Oltre agli arresti, sono scattati sequestri per quattro imprese attive nel settore edile e del taglio boschivo, tutte con sede nella Locride, per un valore complessivo stimato in un milione di euro circa.

IL PRESIDENTE ARRESTATO – Le manette, al contrario di quanto emerso in un primo momento, sono scattate anche per Bruno Bova, originario di Ardore, attuale capogruppo di maggioranza e in passato sindaco del paese. E’ lui il presidente della Comunità montana “Aspromonte orientale” coinvolta nella vicenda. E’ stato eletto nel 2007, in sostituzione di Vincenzo Mollace, che aveva retto l’ente per 15 anni. 

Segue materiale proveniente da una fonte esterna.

(* Assume (A) and (D), and fix $t>0$. Let $G_t(r)=f^2(r)\exp(\widetilde Ktg(r))$, $w_t(r)=g^2(r)\exp(Ktg(r))$, $\widetilde w_t(r)=g^2(r)\exp(\widetilde Ktg(r))$. Let $\kappa,\widetilde\kappa>0$ and define $\alpha_t(u)=(f^2)^{-1}(\kappa/u)$ and $\beta_t(u)=G_t^{-1}(\widetilde\kappa/u)$ for $u$ large enough, where $G_t^{-1}$ is the inverse of $G_t$ restricted to a half-line on which $G_t$ is continuous and strictly decreasing (such a half-line exists). (a) For every $\varepsilon\in(0,1)$ there exists $r_\varepsilon>0$ with $f^2(r)\le G_t(r)\le f^{2-\varepsilon}(r)$ for $r>r_\varepsilon$; and for every $\delta>0$, $$\lim_{u\to\infty}\frac{w_t(\alpha_t(u))}{u^\delta}=\lim_{u\to\infty}\frac{\widetilde w_t(\beta_t(u))}{u^\delta}=0.$$ (b) If moreover $m=g$ satisfies, for some $\omega\ge0$, the condition: for every $c>0$ and $\lambda\ge1$, $\limsup_{s\to0^+}\frac{g(f^{-1}(cs^\lambda))}{g(f^{-1}(s))}\le\lambda^\omega$, then $$\lim_{u\to\infty}\frac{g(\beta_t(u))}{g(\alpha_t(u))}=1.$$
   Context: Setting. Fix $d\ge1$. Let $A$ be a positive semidefinite $d\times d$ matrix and $\nu$ a symmetric Lévy measure on $\mathbb R^d\setminus\{0\}$ (positive Radon measure with $\int(1\wedge|z|^2)\,\nu(dz)<\infty$, $\nu(-B)=\nu(B)$) with $\nu(\mathbb R^d\setminus\{0\})=\infty$, absolutely continuous with density also denoted $\nu(x)$. The Lévy operator $L$ on $L^2(dx)$ is the Fourier multiplier $\widehat{Lh}(\xi)=-\Psi(\xi)\widehat h(\xi)$ with $\Psi(\xi)=\tfrac12A\xi\cdot\xi+\int(1-\cos(\xi\cdot z))\,\nu(dz)$; $\{P_t\}_{t\ge0}$ is the associated convolution semigroup, $P_th(x)=\int p_t(y-x)h(y)\,dy$ with densities $p_t$. Let $V$ be locally bounded on $\mathbb R^d$ with $V(x)\to\infty$ as $|x|\to\infty$, and let $H=-L+V$ (self-adjoint, bounded below, defined via quadratic forms on $L^2(dx)$). For $t>0$, $e^{-tH}$ has a continuous, positive, symmetric kernel $u_t(x,y)$. Let $\lambda_0=\inf\sigma(H)$ (a simple eigenvalue) and $\varphi_0$ the corresponding strictly positive, continuous, bounded eigenfunction with $\|\varphi_0\|_{L^2(dx)}=1$. Set $\mu(dx)=\varphi_0^2(x)\,dx$ (a probability measure), $q_t(x,y)=\dfrac{e^{\lambda_0t}u_t(x,y)}{\varphi_0(x)\varphi_0(y)}$ and $Q_th(x)=\int q_t(x,y)h(y)\,\mu(dy)$; $\{Q_t\}$ is a semigroup of contractions on every $L^p(\mu)$, $1\le p\le\infty$, and $q_t$ is symmetric. Assumption (A): there exist a strictly decreasing continuous $f:(0,\infty)\to(0,\infty)$, a strictly increasing continuous $g:[0,\infty)\to(0,\infty)$, constants $C_1,C_2\ge1$ and $R_0>0$ such that $C_1^{-1}f(|x|)\le\nu(x)\le C_1f(|x|)$ for $x\ne0$ and $C_2^{-1}g(|x|)\le V(x)\le C_2g(|x|)$ for $|x|\ge R_0$, and moreover: (A1) there is $C_3>0$ with $\int_{\{|x-y|>1,\,|y|>1\}}f(|x-y|)f(|y|)\,dy\le C_3f(|x|)$ for $|x|\ge1$; (A2) $(t,x)\mapsto p_t(x)$ is continuous on $(0,\infty)\times\mathbb R^d$ and for every $t_b>0$ there are $C_4,C_5>0$ with $p_t(x)\le C_4\big([e^{C_5t}f(|x|)]\wedge1\big)$ for $x\neq0$, $t\ge t_b$, and $\sup_{t\in(0,t_b]}\sup_{r\le|x|\le2}p_t(x)<\infty$ for every $r\in(0,1]$; (A3) there is $C_6\ge1$ with $g(r+1)\le C_6g(r)$ for $r\ge R_0$. Under (A), $f$ is a bijection of $(0,\infty)$ onto $(0,\infty)$ and $f^{-1}$, $(f^2)^{-1}$ denote the inverses. We write $f_1=f\wedge1$. Condition (D): the map $r\mapsto g(r)/|\log f(r)|$ is eventually decreasing and $\lim_{r\to\infty}g(r)/|\log f(r)|=0$. Heat kernel estimate (a known consequence of (A), used as standing input): for every $T>0$ there exist $\rho>1$, $C=C(T)>0$ and constants $K,\widetilde K>0$ independent of $T$ such that for all $x,y\in\mathbb R^d$ and $t\ge T$, $C^{-1}\max\{1,e^{\lambda_0t}\Gamma(\widetilde Kt,x,y)\}\le q_t(x,y)\le C\max\{1,e^{\lambda_0t}\Gamma(Kt,x,y)\}$, where $\Gamma(\tau,x,y)=\dfrac{\mathbf 1_{\{|x|,|y|>\rho\}}}{f_1(|x|)f_1(|y|)}\displaystyle\int_{\rho-1<|z|<|x|\vee|y|}f_1(|x-z|)f_1(|z-y|)e^{-\tau g(|z|)}\,dz$. Throughout, $K$ and $\widetilde K$ denote fixed constants for which this two-sided estimate holds. *)

theory Defs
  imports "HOL-Analysis.Analysis"
begin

DAL “LOCALE” ALLA “CORONA” – L’operazione, denominata “Saggezza”, secondo gli investigatori, ha consentito di documentare gli organigrammi e le presunte attività illecite della ‘ndrangheta, accertando, l’esistenza e l’operatività di cinque «locali» ad Antonimina (famiglia Romano), Ardore (famiglia Varacalli), Canolo (famiglia Raso), Ciminà (famiglia Nesci) e Cirella di Platì (famiglia Fabiano), e individuandone i vertici.   Gli investigatori avrebbero anche individuato gli interessi economici e societari riferibili agli indagati, ed in particolare le attività economiche attraverso le quali avrebbero conseguito i profitti illeciti, accertando anche ipotesi di condizionamento degli appalti pubblici. Le famiglie, secondo l’accusa, avevano la gestione ed il controllo diretto ed indiretto di attività economiche anche nel taglio boschivo in località aspromontane, oltre ad un circuito di usura ed esercizio abusivo dell’attività di credito. 

E per la prima volta, gli investigatori hanno indivduato una nuova struttura di potere della ‘ndrangheta. Si tratta della “corona”, un livello intermedio tra il “locale” che gestisce un territorio limitato e un “mandamento”.